If you set roc = F you’ll see a bar chart showing how often each of the possible cues was used in trees. This gives you an indication of how important each cue is. For example, if a cue is used in >95% of simulations, this suggests that the cue is a consistently good predictor of the criterion across a wide range of training samples.

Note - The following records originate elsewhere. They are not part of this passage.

lemma hilb_product_expansion: "(\<Sum>k\<le>p+q. hilb k X * of_nat ((k choose p) * (p choose (p+q-k)))) = hilb p X * hilb q X"
proof -
  define f where "f k = hilb k X * of_nat ((k choose p) * (p choose (p+q-k)))" for k
  have "hilb p X * hilb q X = (X gchoose p) * (\<Sum>m\<in>{0..q}. (of_nat p gchoose m) * ((X - of_nat p) gchoose (q - m)))"
    using gbinomial_Vandermonde[of "of_nat p" "X - of_nat p" q] by (simp add: hilb_gchoose)
  also have "\<dots> = (\<Sum>m\<in>{0..q}. of_nat (p choose m) * ((X gchoose p) * ((X - of_nat p) gchoose (q - m))))"
    by (simp add: sum_distrib_left binomial_gbinomial mult_ac)
  also have "\<dots> = (\<Sum>m\<in>{0..q}. of_nat (p choose m) * ((X gchoose (p+q-m)) * (of_nat (p+q-m) gchoose p)))"
  proof (intro sum.cong refl)
    fix m assume "m \<in> {0..q}"
    then have "p \<le> p + q - m" "p + q - m - p = q - m" by auto
    then show "of_nat (p choose m) * ((X gchoose p) * ((X - of_nat p) gchoose (q - m))) =
        of_nat (p choose m) * ((X gchoose (p+q-m)) * (of_nat (p+q-m) gchoose p))"
      using gbinomial_trinomial_revision[of p "p+q-m" X] by simp
  qed
  also have "\<dots> = (\<Sum>m\<in>{0..q}. f (p + q - m))"
  proof (intro sum.cong refl)
    fix m assume "m \<in> {0..q}"
    then have e: "p + q - (p + q - m) = m" by simp
    show "of_nat (p choose m) * ((X gchoose (p+q-m)) * (of_nat (p+q-m) gchoose p)) = f (p + q - m)"
      unfolding f_def e of_nat_mult binomial_gbinomial hilb_gchoose by (simp only: ac_simps)
  qed
  also have "\<dots> = (\<Sum>i\<in>{0..q}. f (i + p))"
    by (subst sum.atLeastAtMost_rev) (intro sum.cong refl, simp add: add.commute)
  also have "\<dots> = (\<Sum>k\<in>{0+p..q+p}. f k)"
    by (rule sum.shift_bounds_cl_nat_ivl[symmetric])
  also have "\<dots> = (\<Sum>k\<in>{..<p}. f k) + (\<Sum>k\<in>{p..p+q}. f k)"
  proof -
    have z: "(\<Sum>k\<in>{..<p}. f k) = 0" by (rule sum.neutral) (simp add: f_def binomial_eq_0)
    show ?thesis by (simp only: z add.commute add_0)
  qed
  also have "\<dots> = (\<Sum>k\<in>{..<p} \<union> {p..p+q}. f k)"
    by (rule sum.union_disjoint[symmetric]) auto
  also have "{..<p} \<union> {p..p+q} = {..p+q}" by auto
  finally show ?thesis by (simp add: f_def)
qed

definition covers :: "nat \<Rightarrow> nat \<Rightarrow> nat \<Rightarrow> (nat set \<times> nat set) set" where
  "covers p q k = {(R1,R2). R1 \<union> R2 = {..<k} \<and> card R1 = p \<and> card R2 = q}"

lemma finite_covers: "finite (covers p q k)"
  by (rule finite_subset[of _ "Pow {..<k} \<times> Pow {..<k}"]) (auto simp: covers_def)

simfftplot(bcancer.fft.sim,
roc = F
)If you set roc = T, you’ll see a distribution of hit-rates and false-alarm rates for trees across all simulations. You can also specify which data (training or test) to display with which.data.

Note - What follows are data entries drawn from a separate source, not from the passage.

text \<open>Value relation at level m, given the relations VL k / EL k at the lower levels k < m.\<close>
primrec uV_raw :: "(nat \<Rightarrow> ('a, 'l) uVrel) \<Rightarrow> (nat \<Rightarrow> ('a, 'l) uErel) \<Rightarrow> nat \<Rightarrow>
                    ('a, 'l) raw \<Rightarrow> ('a, 'l) senv \<Rightarrow> ('a, 'l) exp \<Rightarrow> bool"
    and uV_lty :: "(nat \<Rightarrow> ('a, 'l) uVrel) \<Rightarrow> (nat \<Rightarrow> ('a, 'l) uErel) \<Rightarrow> nat \<Rightarrow>
                    ('a, 'l) lty \<Rightarrow> ('a, 'l) senv \<Rightarrow> ('a, 'l) exp \<Rightarrow> bool" where
  "uV_raw VL EL m TUnit th v = (v = Unit)"
| "uV_raw VL EL m TNat th v = (\<exists>n. v = Num n)"
| "uV_raw VL EL m (TSum t1 t2) th v =
     ((\<exists>v1. v = Inl v1 \<and> uV_lty VL EL m t1 th v1) \<or> (\<exists>v2. v = Inr v2 \<and> uV_lty VL EL m t2 th v2))"
| "uV_raw VL EL m (TProd t1 t2) th v =
     (\<exists>v1 v2. v = Pair v1 v2 \<and> uV_lty VL EL m t1 th v1 \<and> uV_lty VL EL m t2 th v2)"
| "uV_raw VL EL m (TRef t) th v = (\<exists>l. v = Loc l \<and> th l = Some t)"
| "uV_raw VL EL m (TFun t1 L pc t2) th v =
     (\<exists>x e. v = Lam x e \<and>
        (\<forall>th' m' u. senv_ext th th' \<longrightarrow> m' < m \<longrightarrow> VL m' t1 th' u \<longrightarrow> EL m' pc t2 th' (subst x u e)))"
| "uV_lty VL EL m (Lab A p) th v = uV_raw VL EL m A th v"

text \<open>(S, m) |> theta, where V is the value relation at level m.\<close>
definition usat :: "('a, 'l) uVrel \<Rightarrow> ('a, 'l) state \<Rightarrow> ('a, 'l) senv \<Rightarrow> bool" where
  "usat V S th \<longleftrightarrow> dom th \<subseteq> dom S \<and>
     (\<forall>l t. th l = Some t \<longrightarrow> (\<exists>v. S l = Some (v, t) \<and> V t th v))"

definition uStep :: "('l \<Rightarrow> ('a, 'l) policy) \<Rightarrow> (nat \<Rightarrow> ('a, 'l) uVrel \<times> ('a, 'l) uErel) \<Rightarrow> nat \<Rightarrow> ('a, 'l) uVrel \<times> ('a, 'l) uErel" where
  "uStep LP R m =
    (let VL = (\<lambda>k. fst (R k)); EL = (\<lambda>k. snd (R k));
         Vm = uV_lty VL EL m
     in (Vm,
         \<lambda>pc t th e. Vm t th e \<or>
           (\<not> is_val e \<and>
            (\<forall>S th' m' e' S' w L L'. wf_state S \<longrightarrow> senv_ext th th' \<longrightarrow> m' < m \<longrightarrow>
               usat (VL m') S th' \<longrightarrow> step e L S e' S' w L' \<longrightarrow>
               (w = Eps \<or> (\<exists>p. pol LP w = Some p \<and> flows pc p)) \<and>
               (\<exists>th''. senv_ext th' th'' \<and> usat (VL m') S' th'' \<and> EL m' pc t th'' e')))))"


fun ujunk :: "nat \<Rightarrow> ('a, 'l) uVrel \<times> ('a, 'l) uErel" where
  "ujunk k = ((\<lambda>_ _ _. False), (\<lambda>_ _ _ _. False))"

function uLev :: "('l \<Rightarrow> ('a, 'l) policy) \<Rightarrow> nat \<Rightarrow> ('a, 'l) uVrel \<times> ('a, 'l) uErel" where
  "uLev LP m = uStep LP (\<lambda>k. if k < m then uLev LP k else ujunk k) m"
  by pat_completeness auto
termination by (relation "measure (\<lambda>(LP, m). m)") auto

text \<open>The unary relations: (v, theta, m) in V[[tau]], (e, theta, m) in E^pc[[tau]], and V[[A]] for raw A.\<close>
definition uV :: "('l \<Rightarrow> ('a, 'l) policy) \<Rightarrow> ('a, 'l) lty \<Rightarrow> ('a, 'l) exp \<Rightarrow> ('a, 'l) senv \<Rightarrow> nat \<Rightarrow> bool" where
  "uV LP t v th m = fst (uLev LP m) t th v"

definition uE :: "('l \<Rightarrow> ('a, 'l) policy) \<Rightarrow> ('a, 'l) policy \<Rightarrow> ('a, 'l) lty \<Rightarrow> ('a, 'l) exp \<Rightarrow> ('a, 'l) senv \<Rightarrow> nat \<Rightarrow> bool" where
  "uE LP pc t e th m = snd (uLev LP m) pc t th e"

definition uVr :: "('l \<Rightarrow> ('a, 'l) policy) \<Rightarrow> ('a, 'l) raw \<Rightarrow> ('a, 'l) exp \<Rightarrow> ('a, 'l) senv \<Rightarrow> nat \<Rightarrow> bool" where
  "uVr LP A v th m =
     uV_raw (\<lambda>k. fst (if k < m then uLev LP k else ujunk k))
            (\<lambda>k. snd (if k < m then uLev LP k else ujunk k)) m A th v"

section \<open>Attackers and worlds\<close>

text \<open>An attacker is a pair (a, Sigma_A).\<close>
type_synonym ('a, 'l) attacker = "'a \<times> 'l set"

definition flowsA :: "('a, 'l) attacker \<Rightarrow> ('a, 'l) policy \<Rightarrow> bool" where
  "flowsA Att p \<longleftrightarrow> flows p {(snd Att, fst Att)}"

text \<open>pol(omega) below the attacker; false for epsilon by convention.\<close>
definition flowsA_o :: "('l \<Rightarrow> ('a, 'l) policy) \<Rightarrow> ('a, 'l) attacker \<Rightarrow> ('a, 'l) obs \<Rightarrow> bool" where
  "flowsA_o LP Att w \<longleftrightarrow> (case pol LP w of None \<Rightarrow> False | Some p \<Rightarrow> flowsA Att p)"

definition lowA :: "('l \<Rightarrow> ('a, 'l) policy) \<Rightarrow> ('a, 'l) attacker \<Rightarrow> 'l set \<Rightarrow> 'l set" where
  "lowA LP Att L = {s \<in> L. flowsA Att (LP s)}"

definition lockeq :: "('l \<Rightarrow> ('a, 'l) policy) \<Rightarrow> ('a, 'l) attacker \<Rightarrow> 'l set \<Rightarrow> 'l set \<Rightarrow> bool" where
  "lockeq LP Att L L' \<longleftrightarrow> lowA LP Att L = lowA LP Att L'"

type_synonym ('a, 'l) world = "('a, 'l) senv \<times> ('a, 'l) senv \<times> (loc \<times> loc) set"

definition th1 :: "('a, 'l) world \<Rightarrow> ('a, 'l) senv" where "th1 W = fst W"
definition th2 :: "('a, 'l) world \<Rightarrow> ('a, 'l) senv" where "th2 W = fst (snd W)"
definition wbeta :: "('a, 'l) world \<Rightarrow> (loc \<times> loc) set" where "wbeta W = snd (snd W)"

definition is_world :: "('a, 'l) world \<Rightarrow> bool" where
  "is_world W \<longleftrightarrow> finite (dom (th1 W)) \<and> finite (dom (th2 W)) \<and>
     wbeta W \<subseteq> dom (th1 W) \<times> dom (th2 W) \<and>
     (\<forall>l l1 l2. (l, l1) \<in> wbeta W \<longrightarrow> (l, l2) \<in> wbeta W \<longrightarrow> l1 = l2) \<and>
     (\<forall>l l1 l2. (l1, l) \<in> wbeta W \<longrightarrow> (l2, l) \<in> wbeta W \<longrightarrow> l1 = l2)"

definition world_ext :: "('a, 'l) world \<Rightarrow> ('a, 'l) world \<Rightarrow> bool" where
  "world_ext W W' \<longleftrightarrow> is_world W' \<and> th1 W \<subseteq>\<^sub>m th1 W' \<and> th2 W \<subseteq>\<^sub>m th2 W' \<and> wbeta W \<subseteq> wbeta W'"

section \<open>Binary logical relation\<close>

type_synonym ('a, 'l) bVrel = "('a, 'l) lty \<Rightarrow> ('a, 'l) world \<Rightarrow> ('a, 'l) exp \<Rightarrow> ('a, 'l) exp \<Rightarrow> bool"
type_synonym ('a, 'l) bErel = "('a, 'l) lty \<Rightarrow> ('a, 'l) world \<Rightarrow> 'l set \<Rightarrow> 'l set \<Rightarrow>
                                ('a, 'l) exp \<Rightarrow> ('a, 'l) exp \<Rightarrow> bool"

primrec bV_raw :: "('l \<Rightarrow> ('a, 'l) policy) \<Rightarrow> ('a, 'l) attacker \<Rightarrow>
                    (nat \<Rightarrow> ('a, 'l) bVrel) \<Rightarrow> (nat \<Rightarrow> ('a, 'l) bErel) \<Rightarrow> nat \<Rightarrow>
                    ('a, 'l) raw \<Rightarrow> ('a, 'l) world \<Rightarrow> ('a, 'l) exp \<Rightarrow> ('a, 'l) exp \<Rightarrow> bool"
    and bV_lty :: "('l \<Rightarrow> ('a, 'l) policy) \<Rightarrow> ('a, 'l) attacker \<Rightarrow>
                    (nat \<Rightarrow> ('a, 'l) bVrel) \<Rightarrow> (nat \<Rightarrow> ('a, 'l) bErel) \<Rightarrow> nat \<Rightarrow>
                    ('a, 'l) lty \<Rightarrow> ('a, 'l) world \<Rightarrow> ('a, 'l) exp \<Rightarrow> ('a, 'l) exp \<Rightarrow> bool" where
  "bV_raw LP Att VL EL m TUnit W v v' = (v = Unit \<and> v' = Unit)"
| "bV_raw LP Att VL EL m TNat W v v' = (\<exists>n. v = Num n \<and> v' = Num n)"
| "bV_raw LP Att VL EL m (TSum t1 t2) W v v' =
     ((\<exists>u u'. v = Inl u \<and> v' = Inl u' \<and> bV_lty LP Att VL EL m t1 W u u') \<or>
      (\<exists>u u'. v = Inr u \<and> v' = Inr u' \<and> bV_lty LP Att VL EL m t2 W u u'))"
| "bV_raw LP Att VL EL m (TProd t1 t2) W v v' =
     (\<exists>a b a' b'. v = Pair a b \<and> v' = Pair a' b' \<and>
        bV_lty LP Att VL EL m t1 W a a' \<and> bV_lty LP Att VL EL m t2 W b b')"
| "bV_raw LP Att VL EL m (TRef t) W v v' =
     (\<exists>l l'. v = Loc l \<and> v' = Loc l' \<and> th1 W l = Some t \<and> th2 W l' = Some t \<and> (l, l') \<in> wbeta W)"
| "bV_raw LP Att VL EL m (TFun t1 L pc t2) W v v' =
     (\<exists>x1 b1 x2 b2. v = Lam x1 b1 \<and> v' = Lam x2 b2 \<and>
        (\<forall>W' m' u1 u2 L1 L2. world_ext W W' \<longrightarrow> m' < m \<longrightarrow> VL m' t1 W' u1 u2 \<longrightarrow>
            L \<subseteq> L1 \<longrightarrow> L \<subseteq> L2 \<longrightarrow> EL m' t2 W' L1 L2 (subst x1 u1 b1) (subst x2 u2 b2)) \<and>
        uVr LP (TFun t1 L pc t2) v (th1 W) m \<and> uVr LP (TFun t1 L pc t2) v' (th2 W) m)"
| "bV_lty LP Att VL EL m (Lab A p) W v v' =
     (if flowsA Att p then bV_raw LP Att VL EL m A W v v'
      else uVr LP A v (th1 W) m \<and> uVr LP A v' (th2 W) m)"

Here, we can see the distribution of HR and FAR for the training data:
simfftplot(bcancer.fft.sim,
roc = T,
which.data = "train"
)Now let’s do the testing data. We should expect the trees to do a bit worse here:
simfftplot(bcancer.fft.sim,
roc = T,
which.data = "test"
)To add curves for CART and Logistic Regression by including the arguments lr = T and cart = T. Let’s look at the performance of CART and LR compared to the trees for the training data:
simfftplot(bcancer.fft.sim,
roc = T,
lr = T,
cart = T,
which.data = "train"
)It looks like LR dominated both CART and FFTs for the training data (in fact, for this simulation, LR always gave a perfect fit). Now let’s look at the test data:
simfftplot(bcancer.fft.sim,
roc = T,
lr = T,
cart = T,
which.data = "test"
)Here, we can see that for the testing data, all three algorithms performed similarly well.